According to the law firm press release, the Complaint alleges that throughout the Class Period, Defendants made materially false and misleading statements regarding the Company’s business, operations, cash position, prospects, and internal controls. Specifically, in November 2015, Defendants: (i) misrepresented that Hortonworks had sufficient cash and cash equivalents to fund 12 months of working capital and capital expenditure needs; (ii) failed to disclose that Hortonworks in actuality lacked adequate cash to meet those working capital and capital expenditure requirements over that period of time; (iii) failed to disclose that, as a result, Defendants were contemplating a significant offering to fund its operations; and (iv) as a result of the foregoing, Defendants’ public statements were materially false and misleading at all relevant times.
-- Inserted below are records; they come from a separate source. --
lemma dumont213_insert_top_pair_iff:
  assumes "n \<ge> 1"
  shows "xs @ (2*n+1) # (2*n+2) # ys \<in> dumont213 (Suc n) \<longleftrightarrow>
           xs @ ys \<in> dumont213 n \<and> (\<forall>x \<in> set xs. odd x)"
proof -
  have perm_iff: "is_perm (2 * Suc n) (xs @ (2*n+1) # (2*n+2) # ys) \<longleftrightarrow> is_perm (2*n) (xs @ ys)"
    using is_perm_insert_top_pair[of "2*n" xs ys] by simp
  show ?thesis
  proof
    assume w: "xs @ (2*n+1) # (2*n+2) # ys \<in> dumont213 (Suc n)"
    then have perm: "is_perm (2*n) (xs @ ys)" using perm_iff by (simp add: dumont213_def)
    then have set: "set (xs @ ys) = {1..2*n}" and "distinct (xs @ ys)" by (simp_all add: is_perm_def)
    then have below: "\<forall>x \<in> set (xs @ ys). x < 2*n+1" by auto
    have "avoids213 (xs @ ys)" "sorted xs"
      using w avoids213_insert_pair[of xs ys "2*n+1" "2*n+2"] below by (auto simp: dumont213_def)
    moreover have odd_xs: "\<forall>x \<in> set xs. odd x"
      using w \<open>sorted xs\<close> below
      by (intro dumont_word_sorted_prefix_odd[of xs "2*n+1" "(2*n+2) # ys"])
         (auto simp: dumont213_def)
    moreover have "dumont_word (xs @ ys)"
      using w odd_xs \<open>distinct (xs @ ys)\<close> \<open>avoids213 (xs @ ys)\<close> set assms
      by (intro dumont_word_remove_pair[of xs "2*n+1" "2*n+2" ys "2*n"]) (auto simp: dumont213_def)
    ultimately show "xs @ ys \<in> dumont213 n \<and> (\<forall>x \<in> set xs. odd x)"
      using perm by (simp add: dumont213_def)
  next
    assume "xs @ ys \<in> dumont213 n \<and> (\<forall>x \<in> set xs. odd x)"
    then have v: "is_perm (2*n) (xs @ ys)" "dumont_word (xs @ ys)" "avoids213 (xs @ ys)"
      and odd_xs: "\<forall>x \<in> set xs. odd x" by (simp_all add: dumont213_def)
    have set: "set (xs @ ys) = {1..2*n}" using v(1) by (simp add: is_perm_def)
    have "2*n \<in> set (xs @ ys)" using set assms by simp
    then have "2*n \<in> set ys" using odd_xs by auto
    then have "ys \<noteq> []" by auto
    have "sorted xs" using v(2) odd_xs by (rule dumont_word_odd_prefix_sorted)
    then have "avoids213 (xs @ (2*n+1) # (2*n+2) # ys)"
      using avoids213_insert_pair[of xs ys "2*n+1" "2*n+2"] set v(3) by auto
    moreover have "dumont_word (xs @ (2*n+1) # (2*n+2) # ys)"
      using v(2) \<open>ys \<noteq> []\<close> odd_xs set by (intro dumont_word_insert_pair) auto
    ultimately show "xs @ (2*n+1) # (2*n+2) # ys \<in> dumont213 (Suc n)"
      using v(1) perm_iff by (simp add: dumont213_def)
  qed
qed

lemma dumont213_top_pair_adjacent:
  assumes "n \<ge> 1" and w: "w \<in> dumont213 (Suc n)"
  obtains xs ys where "w = xs @ (2*n+1) # (2*n+2) # ys"
proof -
  have perm: "is_perm (2*n+2) w" and dumont: "dumont_word w" and avoids: "avoids213 w"
    using w by (simp_all add: dumont213_def)
  then have set: "set w = {1..2*n+2}" by (simp add: is_perm_def)
  have steps: "dumont_step (w ! i) (w ! Suc i)" if "Suc i < length w" for i
    using dumont that by (simp add: dumont_word_def successively_nth)
  have "2*n+1 \<in> set w" "2 \<in> set w" using set assms by auto
  then obtain p t where p: "p < length w" "w ! p = 2*n+1" and t: "t < length w" "w ! t = 2"
    by (auto simp: in_set_conv_nth)
  \<comment> \<open>If \<open>2n+1\<close> were the last letter, the descent from 2 to 1 would precede it: a 213.\<close>
  have "Suc p < length w"
  proof (rule ccontr)
    assume "\<not> Suc p < length w"
    have "t \<noteq> p" using t p assms by auto
    then have "Suc t < length w" using t p \<open>\<not> Suc p < length w\<close> by simp
    then have "w ! Suc t < 2" using steps[of t] t by (simp add: dumont_step_def)
    moreover have "w ! Suc t \<in> set w" using \<open>Suc t < length w\<close> by simp
    ultimately have "w ! Suc t = 1" using set by auto
    then have "Suc t < p" using \<open>Suc t < length w\<close> \<open>\<not> Suc p < length w\<close> p assms
      by (cases "Suc t = p") auto
    then show False
      using avoids[unfolded avoids213_def, rule_format, of t "Suc t" p] t p \<open>w ! Suc t = 1\<close> assms
      by auto
  qed
  then have "w ! Suc p = 2*n+2"
    using steps[of p] p set nth_mem[of "Suc p" w] by (auto simp: dumont_step_def)
  then have "w = take p w @ (2*n+1) # (2*n+2) # drop (Suc (Suc p)) w"
    using p \<open>Suc p < length w\<close> by (metis Cons_nth_drop_Suc Suc_lessD append_take_drop_id)
  then show ?thesis by (rule that)
qed

definition leading_odds :: "nat list \<Rightarrow> nat" where
  "leading_odds w = length (takeWhile odd w)"

lemma leading_odds_insert_pair:
  "\<forall>x \<in> set xs. odd x \<Longrightarrow> odd a \<Longrightarrow> even b \<Longrightarrow> leading_odds (xs @ a # b # ys) = Suc (length xs)"
  by (simp add: leading_odds_def)

lemma leading_odds_ge_iff: "k \<le> leading_odds w \<longleftrightarrow> k \<le> length w \<and> (\<forall>x \<in> set (take k w). odd x)"
proof
  assume "k \<le> leading_odds w"
  moreover have "takeWhile odd w = take (leading_odds w) w"
    unfolding leading_odds_def by (rule takeWhile_eq_take)
  ultimately show "k \<le> length w \<and> (\<forall>x \<in> set (take k w). odd x)"
    unfolding leading_odds_def
    by (metis in_set_takeD length_takeWhile_le min.absorb1 order.trans set_takeWhileD take_take)
next
  assume "k \<le> length w \<and> (\<forall>x \<in> set (take k w). odd x)"
  then have "takeWhile odd w = take k w @ takeWhile odd (drop k w)"
    by (metis append_take_drop_id takeWhile_append2)
  then show "k \<le> leading_odds w"
    using \<open>k \<le> length w \<and> _\<close> by (simp add: leading_odds_def)
qed

definition dumont213_odd_prefix :: "nat \<Rightarrow> nat \<Rightarrow> nat list set" where
  "dumont213_odd_prefix n k = {w \<in> dumont213 n. k \<le> leading_odds w}"

lemma finite_dumont213_odd_prefix: "finite (dumont213_odd_prefix n k)"
proof (rule finite_subset)
  show "dumont213_odd_prefix n k \<subseteq> {w. set w \<subseteq> {1..2*n} \<and> length w = 2*n}"
    by (auto simp: dumont213_odd_prefix_def dumont213_def is_perm_def)
  show "finite {w. set w \<subseteq> {1..2*n} \<and> length w = 2*n}"
    by (rule finite_lists_length_eq) simp
qed

lemma dumont213_odd_prefix_0:
  assumes "n \<ge> 1"
  shows "dumont213_odd_prefix (Suc n) 0 = dumont213_odd_prefix (Suc n) 1"
proof -
  have "1 \<le> leading_odds w" if w: "w \<in> dumont213 (Suc n)" for w
  proof -
    obtain xs ys where xs_ys: "w = xs @ (2*n+1) # (2*n+2) # ys"
      using dumont213_top_pair_adjacent[OF assms w] .
    then have "\<forall>x \<in> set xs. odd x"
      using dumont213_insert_top_pair_iff[OF assms] w by blast
    then show ?thesis by (simp add: xs_ys leading_odds_insert_pair)
  qed
  then show ?thesis by (auto simp: dumont213_odd_prefix_def)
qed

lemma dumont213_leading_odds_eq_image:
  assumes "n \<ge> 1"
  shows "{w \<in> dumont213 (Suc n). leading_odds w = Suc q} =
           (\<lambda>v. take q v @ (2*n+1) # (2*n+2) # drop q v) ` dumont213_odd_prefix n q"
proof (intro equalityI subsetI)
  fix w assume "w \<in> {w \<in> dumont213 (Suc n). leading_odds w = Suc q}"
  then have w: "w \<in> dumont213 (Suc n)" "leading_odds w = Suc q" by simp_all
  obtain xs ys where xs_ys: "w = xs @ (2*n+1) # (2*n+2) # ys"
    using dumont213_top_pair_adjacent[OF assms w(1)] .
  then have v: "xs @ ys \<in> dumont213 n" and odd_xs: "\<forall>x \<in> set xs. odd x"
    using dumont213_insert_top_pair_iff[OF assms] w(1) by blast+
  have "length xs = q" using w(2) odd_xs by (simp add: xs_ys leading_odds_insert_pair)
  then have "q \<le> leading_odds (xs @ ys)" using odd_xs by (simp add: leading_odds_ge_iff)
  with v have "xs @ ys \<in> dumont213_odd_prefix n q" by (simp add: dumont213_odd_prefix_def)
  moreover have "w = take q (xs @ ys) @ (2*n+1) # (2*n+2) # drop q (xs @ ys)"
    using \<open>length xs = q\<close> by (simp add: xs_ys)
  ultimately show "w \<in> (\<lambda>v. take q v @ (2*n+1) # (2*n+2) # drop q v) ` dumont213_odd_prefix n q"
    by blast
next
  fix w assume "w \<in> (\<lambda>v. take q v @ (2*n+1) # (2*n+2) # drop q v) ` dumont213_odd_prefix n q"
  then obtain v where v: "v \<in> dumont213 n" "q \<le> leading_odds v"
    and w: "w = take q v @ (2*n+1) # (2*n+2) # drop q v"
    by (auto simp: dumont213_odd_prefix_def)
  then have "q \<le> length v" and odd_xs: "\<forall>x \<in> set (take q v). odd x"
    by (simp_all add: leading_odds_ge_iff)
  then have "w \<in> dumont213 (Suc n)"
    using dumont213_insert_top_pair_iff[OF assms, of "take q v" "drop q v"] v by (simp add: w)
  moreover have "leading_odds w = Suc q"
    using odd_xs \<open>q \<le> length v\<close> by (simp add: w leading_odds_insert_pair)
  ultimately show "w \<in> {w \<in> dumont213 (Suc n). leading_odds w = Suc q}" by simp
qed

lemma card_dumont213_odd_prefix_Suc:
  assumes "n \<ge> 1"
  shows "card (dumont213_odd_prefix (Suc n) (Suc q)) =
           card (dumont213_odd_prefix n q) + card (dumont213_odd_prefix (Suc n) (Suc (Suc q)))"
proof -
  define E where "E = {w \<in> dumont213 (Suc n). leading_odds w = Suc q}"
  have "inj_on (\<lambda>v. take q v @ (2*n+1) # (2*n+2) # drop q v) (dumont213_odd_prefix n q)"
    by (rule inj_on_inverseI[where g = "\<lambda>w. take q w @ drop (Suc (Suc q)) w"])
       (simp add: dumont213_odd_prefix_def leading_odds_ge_iff)
  then have "card E = card (dumont213_odd_prefix n q)"
    unfolding E_def dumont213_leading_odds_eq_image[OF assms] by (rule card_image)
  moreover have "finite E"
    unfolding E_def dumont213_leading_odds_eq_image[OF assms]
    by (intro finite_imageI finite_dumont213_odd_prefix)
  moreover have "dumont213_odd_prefix (Suc n) (Suc q) = E \<union> dumont213_odd_prefix (Suc n) (Suc (Suc q))"
    by (auto simp: E_def dumont213_odd_prefix_def)
  moreover have "E \<inter> dumont213_odd_prefix (Suc n) (Suc (Suc q)) = {}"
    by (auto simp: E_def dumont213_odd_prefix_def)
  ultimately show ?thesis by (simp add: card_Un_disjoint finite_dumont213_odd_prefix)
qed

lemma dumont213_1: "dumont213 1 = {[2,1]}"
proof
  show "dumont213 1 \<subseteq> {[2,1]}"
  proof
    fix w assume "w \<in> dumont213 1"
    then have perm: "is_perm 2 w" and dumont: "dumont_word w" by (simp_all add: dumont213_def)
    then obtain x y where w: "w = [x, y]"
      by (auto simp: is_perm_def numeral_2_eq_2 length_Suc_conv)
    have "x \<in> {1..2}" "y \<in> {1..2}" "x \<noteq> y" using perm by (auto simp: is_perm_def w)
    moreover have "odd y" using dumont by (simp add: dumont_word_def w)
    ultimately have "y = 1" "x = 2" by (auto simp: le_Suc_eq numeral_2_eq_2)
    then show "w \<in> {[2,1]}" by (simp add: w)
  qed
  have "set [2::nat, 1] = {1..2}" by auto
  moreover have "avoids213 [2,1]" by (auto simp: avoids213_def)
  ultimately show "{[2,1]} \<subseteq> dumont213 1"
    by (simp add: dumont213_def is_perm_def dumont_word_def dumont_step_def)
qed

definition ballot :: "nat \<Rightarrow> nat \<Rightarrow> int" where
  "ballot m r = (if r \<le> m then int (2*m - r choose m) - int (2*m - r choose Suc m) else 0)"

lemma ballot_Suc_Suc: "ballot (Suc m) (Suc q) = ballot m q + ballot (Suc m) (Suc (Suc q))"
proof (cases "q < m")
  case True
  then have "2 * Suc m - Suc q = Suc (2*m - q)" "2 * Suc m - Suc (Suc q) = 2*m - q" by simp_all
  then show ?thesis using True by (simp add: ballot_def)
next
  case False
  then show ?thesis by (cases "q = m") (simp_all add: ballot_def binomial_eq_0)
qed

lemma ballot_Suc_0: "ballot (Suc m) 0 = ballot (Suc m) 1"
proof -
  have "Suc (2*m) choose m = Suc (2*m) choose Suc m"
    using binomial_symmetric[of m "Suc (2*m)"] by simp
  then show ?thesis by (simp add: ballot_def)
qed

lemma card_dumont213_odd_prefix: "int (card (dumont213_odd_prefix (Suc m) k)) = ballot m k"
proof (induction m arbitrary: k)
  case 0
  show ?case
    by (cases k)
      (simp_all add: dumont213_odd_prefix_def dumont213_1[unfolded One_nat_def] ballot_def
        leading_odds_def)
next
  case (Suc m)
  have large: "int (card (dumont213_odd_prefix (Suc (Suc m)) k)) = ballot (Suc m) k"
    if "2*m + 5 \<le> k" for k
  proof -
    have "leading_odds w < k" if "w \<in> dumont213 (Suc (Suc m))" for w
      using that \<open>2*m + 5 \<le> k\<close> length_takeWhile_le[of odd w]
      by (simp add: dumont213_def is_perm_def leading_odds_def)
    then have "dumont213_odd_prefix (Suc (Suc m)) k = {}"
      by (auto simp: dumont213_odd_prefix_def not_le[symmetric])
    then show ?thesis using that by (simp add: ballot_def)
  qed
  \<comment> \<open>downward induction on \<open>k\<close>, starting beyond the length \<open>2m+4\<close>\<close>
  show ?case
  proof (cases "k \<le> 2*m + 5")
    case True
    then show ?thesis
    proof (induction k rule: inc_induct)
      case base
      then show ?case by (rule large) simp
    next
      case (step k)
      show ?case
      proof (cases k)
        case 0
        then show ?thesis using step.IH dumont213_odd_prefix_0[of "Suc m"] ballot_Suc_0 by simp
      next
        case (Suc q)
        then show ?thesis using step.IH Suc.IH[of q] card_dumont213_odd_prefix_Suc[of "Suc m" q]
            ballot_Suc_Suc[of m q] by simp
      qed
    qed
  qed (simp add: large)
qed

lemma catalan_binomial_diff:
  "real (2*m choose m) - real (2*m choose Suc m) = real (2*m choose m) / real (Suc m)"
proof -
  have "Suc m * (2*m choose Suc m) = 2*m * (2*m - 1 choose m)" by (rule binomial_absorption)
  also have "\<dots> = (2*m - m) * (2*m choose m)" by (rule binomial_absorb_comp[symmetric])
  finally have "real (Suc m) * real (2*m choose Suc m) = real m * real (2*m choose m)"
    by (metis diff_add_inverse2 mult_2 of_nat_mult)
  then show ?thesis by (simp add: field_simps)
qed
On Friday, January 15, 2016, post-market, Hortonworks announced it had retained Goldman Sachs to raise $100 million in a secondary offering. Analysts expressed surprise, with one stating, “We believe it will be incumbent on HDP during its roadshow to show why this offering, announced in this way, at this time, should not be interpreted as evidence of serious difficulty.”
On this news, Hortonworks’s stock fell $6.13, or nearly 37%, to close at $10.44 on January 19, 2016, the next trading day.
On June 1, 2016, the Court issued an Order appointing Lead Plaintiff and Counsel. Lead Plaintiff filed a consolidated complaint on July 28.
On March 27, 2017, the parties entered into a Stipulation of Settlement. The parties entered into a revised Stipulation and Agreement of Settlement on May 26. On October 10, the Court granted final approval of the Settlement and entered Final Judgment.